[Collected data]
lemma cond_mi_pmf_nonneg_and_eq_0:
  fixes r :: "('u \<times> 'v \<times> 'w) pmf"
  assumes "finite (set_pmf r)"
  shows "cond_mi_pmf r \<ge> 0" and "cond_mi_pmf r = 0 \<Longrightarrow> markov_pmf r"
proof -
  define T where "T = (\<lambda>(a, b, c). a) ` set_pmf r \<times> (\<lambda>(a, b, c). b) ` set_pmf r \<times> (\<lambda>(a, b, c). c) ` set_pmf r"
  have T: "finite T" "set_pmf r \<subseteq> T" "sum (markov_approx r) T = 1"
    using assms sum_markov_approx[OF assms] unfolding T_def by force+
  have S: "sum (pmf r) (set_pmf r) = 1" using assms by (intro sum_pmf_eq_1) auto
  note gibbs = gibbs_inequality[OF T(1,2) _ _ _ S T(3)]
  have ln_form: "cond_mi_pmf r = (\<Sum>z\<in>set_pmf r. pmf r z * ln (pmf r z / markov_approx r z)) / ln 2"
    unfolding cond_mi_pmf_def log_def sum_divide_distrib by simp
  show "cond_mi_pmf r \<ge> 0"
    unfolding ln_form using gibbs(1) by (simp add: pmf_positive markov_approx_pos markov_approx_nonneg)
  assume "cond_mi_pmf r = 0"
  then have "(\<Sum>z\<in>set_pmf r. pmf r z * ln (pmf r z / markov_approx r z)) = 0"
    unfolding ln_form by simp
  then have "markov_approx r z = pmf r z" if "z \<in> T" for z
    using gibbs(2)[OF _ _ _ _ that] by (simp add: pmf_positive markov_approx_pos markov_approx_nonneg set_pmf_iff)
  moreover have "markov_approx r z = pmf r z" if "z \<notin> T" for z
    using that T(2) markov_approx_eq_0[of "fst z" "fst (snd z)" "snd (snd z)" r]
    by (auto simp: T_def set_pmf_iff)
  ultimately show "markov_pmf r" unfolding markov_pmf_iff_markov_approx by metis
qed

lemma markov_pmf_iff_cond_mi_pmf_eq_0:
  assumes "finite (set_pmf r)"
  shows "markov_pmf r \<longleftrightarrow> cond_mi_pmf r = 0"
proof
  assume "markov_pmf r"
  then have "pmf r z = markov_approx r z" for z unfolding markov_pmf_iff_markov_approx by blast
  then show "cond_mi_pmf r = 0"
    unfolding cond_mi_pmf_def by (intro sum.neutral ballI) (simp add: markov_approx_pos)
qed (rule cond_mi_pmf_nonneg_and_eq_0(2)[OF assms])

> What to produce
An exact repetition of all the records above is required.

> Exercise solution
lemma cond_mi_pmf_nonneg_and_eq_0:
  fixes r :: "('u \<times> 'v \<times> 'w) pmf"
  assumes "finite (set_pmf r)"
  shows "cond_mi_pmf r \<ge> 0" and "cond_mi_pmf r = 0 \<Longrightarrow> markov_pmf r"
proof -
  define T where "T = (\<lambda>(a, b, c). a) ` set_pmf r \<times> (\<lambda>(a, b, c). b) ` set_pmf r \<times> (\<lambda>(a, b, c). c) ` set_pmf r"
  have T: "finite T" "set_pmf r \<subseteq> T" "sum (markov_approx r) T = 1"
    using assms sum_markov_approx[OF assms] unfolding T_def by force+
  have S: "sum (pmf r) (set_pmf r) = 1" using assms by (intro sum_pmf_eq_1) auto
  note gibbs = gibbs_inequality[OF T(1,2) _ _ _ S T(3)]
  have ln_form: "cond_mi_pmf r = (\<Sum>z\<in>set_pmf r. pmf r z * ln (pmf r z / markov_approx r z)) / ln 2"
    unfolding cond_mi_pmf_def log_def sum_divide_distrib by simp
  show "cond_mi_pmf r \<ge> 0"
    unfolding ln_form using gibbs(1) by (simp add: pmf_positive markov_approx_pos markov_approx_nonneg)
  assume "cond_mi_pmf r = 0"
  then have "(\<Sum>z\<in>set_pmf r. pmf r z * ln (pmf r z / markov_approx r z)) = 0"
    unfolding ln_form by simp
  then have "markov_approx r z = pmf r z" if "z \<in> T" for z
    using gibbs(2)[OF _ _ _ _ that] by (simp add: pmf_positive markov_approx_pos markov_approx_nonneg set_pmf_iff)
  moreover have "markov_approx r z = pmf r z" if "z \<notin> T" for z
    using that T(2) markov_approx_eq_0[of "fst z" "fst (snd z)" "snd (snd z)" r]
    by (auto simp: T_def set_pmf_iff)
  ultimately show "markov_pmf r" unfolding markov_pmf_iff_markov_approx by metis
qed

lemma markov_pmf_iff_cond_mi_pmf_eq_0:
  assumes "finite (set_pmf r)"
  shows "markov_pmf r \<longleftrightarrow> cond_mi_pmf r = 0"
proof
  assume "markov_pmf r"
  then have "pmf r z = markov_approx r z" for z unfolding markov_pmf_iff_markov_approx by blast
  then show "cond_mi_pmf r = 0"
    unfolding cond_mi_pmf_def by (intro sum.neutral ballI) (simp add: markov_approx_pos)
qed (rule cond_mi_pmf_nonneg_and_eq_0(2)[OF assms])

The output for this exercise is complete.